◆ PROMPT:
Output exactly the lines below, starting with the line that has "unfolding det_on_def" and going on through the line that has "by (auto simp: PiE_def Pi_def)", both included, and no other lines.

◆ SOURCE INFORMATION:

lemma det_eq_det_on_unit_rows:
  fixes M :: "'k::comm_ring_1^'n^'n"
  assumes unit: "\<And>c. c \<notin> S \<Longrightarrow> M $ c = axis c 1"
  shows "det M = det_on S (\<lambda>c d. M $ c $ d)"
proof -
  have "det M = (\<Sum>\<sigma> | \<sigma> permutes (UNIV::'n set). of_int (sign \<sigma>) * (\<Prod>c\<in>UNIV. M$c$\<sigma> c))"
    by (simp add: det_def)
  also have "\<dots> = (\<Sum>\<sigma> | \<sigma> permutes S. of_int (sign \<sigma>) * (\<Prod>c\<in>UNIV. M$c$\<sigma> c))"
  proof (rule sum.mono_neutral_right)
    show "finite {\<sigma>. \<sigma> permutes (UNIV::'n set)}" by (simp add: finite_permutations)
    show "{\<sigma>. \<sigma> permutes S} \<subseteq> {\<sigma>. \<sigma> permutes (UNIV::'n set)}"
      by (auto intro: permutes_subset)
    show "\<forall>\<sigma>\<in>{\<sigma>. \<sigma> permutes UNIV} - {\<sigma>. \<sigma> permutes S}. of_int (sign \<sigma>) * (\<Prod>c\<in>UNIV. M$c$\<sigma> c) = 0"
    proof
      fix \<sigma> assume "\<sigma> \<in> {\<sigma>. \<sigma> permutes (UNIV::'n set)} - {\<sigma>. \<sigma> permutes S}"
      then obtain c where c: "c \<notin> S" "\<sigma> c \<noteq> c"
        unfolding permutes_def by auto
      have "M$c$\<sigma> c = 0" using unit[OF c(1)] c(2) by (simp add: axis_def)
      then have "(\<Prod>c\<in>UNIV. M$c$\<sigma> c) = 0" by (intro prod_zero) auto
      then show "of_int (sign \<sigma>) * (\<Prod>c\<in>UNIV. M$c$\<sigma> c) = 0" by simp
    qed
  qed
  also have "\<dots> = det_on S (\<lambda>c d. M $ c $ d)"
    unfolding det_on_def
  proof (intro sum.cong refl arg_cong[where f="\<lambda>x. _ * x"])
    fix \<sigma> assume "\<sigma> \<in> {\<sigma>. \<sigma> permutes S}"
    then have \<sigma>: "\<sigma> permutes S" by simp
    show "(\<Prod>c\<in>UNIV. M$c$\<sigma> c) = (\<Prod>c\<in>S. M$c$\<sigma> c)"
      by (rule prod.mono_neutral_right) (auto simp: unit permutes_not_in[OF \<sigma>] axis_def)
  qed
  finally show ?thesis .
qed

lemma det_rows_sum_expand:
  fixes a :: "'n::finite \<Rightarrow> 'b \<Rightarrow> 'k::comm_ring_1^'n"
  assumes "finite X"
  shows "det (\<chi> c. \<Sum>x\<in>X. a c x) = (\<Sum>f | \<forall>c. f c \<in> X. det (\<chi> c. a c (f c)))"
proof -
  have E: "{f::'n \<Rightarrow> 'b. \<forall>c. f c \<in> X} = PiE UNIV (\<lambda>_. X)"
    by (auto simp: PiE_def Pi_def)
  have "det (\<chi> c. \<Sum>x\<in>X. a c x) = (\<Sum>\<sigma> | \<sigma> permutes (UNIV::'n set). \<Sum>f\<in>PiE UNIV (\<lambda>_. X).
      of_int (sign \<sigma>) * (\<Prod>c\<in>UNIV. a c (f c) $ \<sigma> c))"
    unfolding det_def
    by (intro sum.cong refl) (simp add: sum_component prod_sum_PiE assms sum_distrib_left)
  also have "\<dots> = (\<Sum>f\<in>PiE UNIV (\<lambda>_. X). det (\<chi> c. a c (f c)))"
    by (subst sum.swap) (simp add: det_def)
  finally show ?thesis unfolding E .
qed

---

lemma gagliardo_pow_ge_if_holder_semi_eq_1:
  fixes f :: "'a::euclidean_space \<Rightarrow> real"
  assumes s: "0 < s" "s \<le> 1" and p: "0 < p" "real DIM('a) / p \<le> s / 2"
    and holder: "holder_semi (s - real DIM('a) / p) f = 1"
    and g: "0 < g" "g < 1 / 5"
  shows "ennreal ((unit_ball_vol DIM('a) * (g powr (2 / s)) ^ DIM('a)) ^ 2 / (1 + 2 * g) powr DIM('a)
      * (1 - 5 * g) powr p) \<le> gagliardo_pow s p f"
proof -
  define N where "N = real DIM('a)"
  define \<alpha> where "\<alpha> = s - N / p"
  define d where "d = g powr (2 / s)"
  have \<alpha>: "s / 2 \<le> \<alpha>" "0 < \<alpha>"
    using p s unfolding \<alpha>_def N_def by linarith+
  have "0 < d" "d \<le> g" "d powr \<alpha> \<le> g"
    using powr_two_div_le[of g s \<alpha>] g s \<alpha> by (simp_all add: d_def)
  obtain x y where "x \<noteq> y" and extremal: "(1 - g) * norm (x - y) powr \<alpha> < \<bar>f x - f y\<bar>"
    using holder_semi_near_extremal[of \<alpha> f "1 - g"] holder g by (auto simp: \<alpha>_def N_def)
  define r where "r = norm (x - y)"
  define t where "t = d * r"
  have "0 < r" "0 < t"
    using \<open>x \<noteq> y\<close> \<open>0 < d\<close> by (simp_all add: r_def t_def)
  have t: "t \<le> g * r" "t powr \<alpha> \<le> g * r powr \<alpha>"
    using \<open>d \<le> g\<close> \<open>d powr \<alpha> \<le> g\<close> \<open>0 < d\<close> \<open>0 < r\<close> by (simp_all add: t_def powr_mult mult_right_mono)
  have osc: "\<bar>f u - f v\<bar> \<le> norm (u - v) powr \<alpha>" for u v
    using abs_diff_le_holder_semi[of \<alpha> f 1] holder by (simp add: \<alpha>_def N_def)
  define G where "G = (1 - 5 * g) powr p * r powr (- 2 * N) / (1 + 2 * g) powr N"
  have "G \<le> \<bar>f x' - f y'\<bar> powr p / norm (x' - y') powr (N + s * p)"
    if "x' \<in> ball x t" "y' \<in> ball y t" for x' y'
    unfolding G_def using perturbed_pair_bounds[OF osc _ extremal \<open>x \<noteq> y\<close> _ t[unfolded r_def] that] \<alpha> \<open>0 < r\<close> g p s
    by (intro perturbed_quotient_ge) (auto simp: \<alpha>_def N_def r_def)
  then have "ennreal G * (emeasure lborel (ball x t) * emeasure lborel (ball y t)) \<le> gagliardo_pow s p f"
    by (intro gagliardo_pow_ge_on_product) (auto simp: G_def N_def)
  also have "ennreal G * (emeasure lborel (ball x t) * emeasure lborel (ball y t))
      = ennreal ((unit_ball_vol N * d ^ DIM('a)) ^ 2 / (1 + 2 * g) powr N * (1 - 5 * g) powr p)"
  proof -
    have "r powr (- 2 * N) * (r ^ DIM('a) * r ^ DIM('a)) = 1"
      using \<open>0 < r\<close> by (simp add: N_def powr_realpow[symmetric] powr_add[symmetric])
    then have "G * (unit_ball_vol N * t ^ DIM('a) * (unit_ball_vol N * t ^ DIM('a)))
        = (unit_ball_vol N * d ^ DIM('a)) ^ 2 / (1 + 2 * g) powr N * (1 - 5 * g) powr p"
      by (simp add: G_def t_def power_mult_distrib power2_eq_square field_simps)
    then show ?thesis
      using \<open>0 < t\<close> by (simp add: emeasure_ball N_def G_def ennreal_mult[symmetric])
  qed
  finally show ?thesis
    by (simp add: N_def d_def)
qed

◆ RESULT:
    unfolding det_on_def
  proof (intro sum.cong refl arg_cong[where f="\<lambda>x. _ * x"])
    fix \<sigma> assume "\<sigma> \<in> {\<sigma>. \<sigma> permutes S}"
    then have \<sigma>: "\<sigma> permutes S" by simp
    show "(\<Prod>c\<in>UNIV. M$c$\<sigma> c) = (\<Prod>c\<in>S. M$c$\<sigma> c)"
      by (rule prod.mono_neutral_right) (auto simp: unit permutes_not_in[OF \<sigma>] axis_def)
  qed
  finally show ?thesis .
qed

lemma det_rows_sum_expand:
  fixes a :: "'n::finite \<Rightarrow> 'b \<Rightarrow> 'k::comm_ring_1^'n"
  assumes "finite X"
  shows "det (\<chi> c. \<Sum>x\<in>X. a c x) = (\<Sum>f | \<forall>c. f c \<in> X. det (\<chi> c. a c (f c)))"
proof -
  have E: "{f::'n \<Rightarrow> 'b. \<forall>c. f c \<in> X} = PiE UNIV (\<lambda>_. X)"
    by (auto simp: PiE_def Pi_def)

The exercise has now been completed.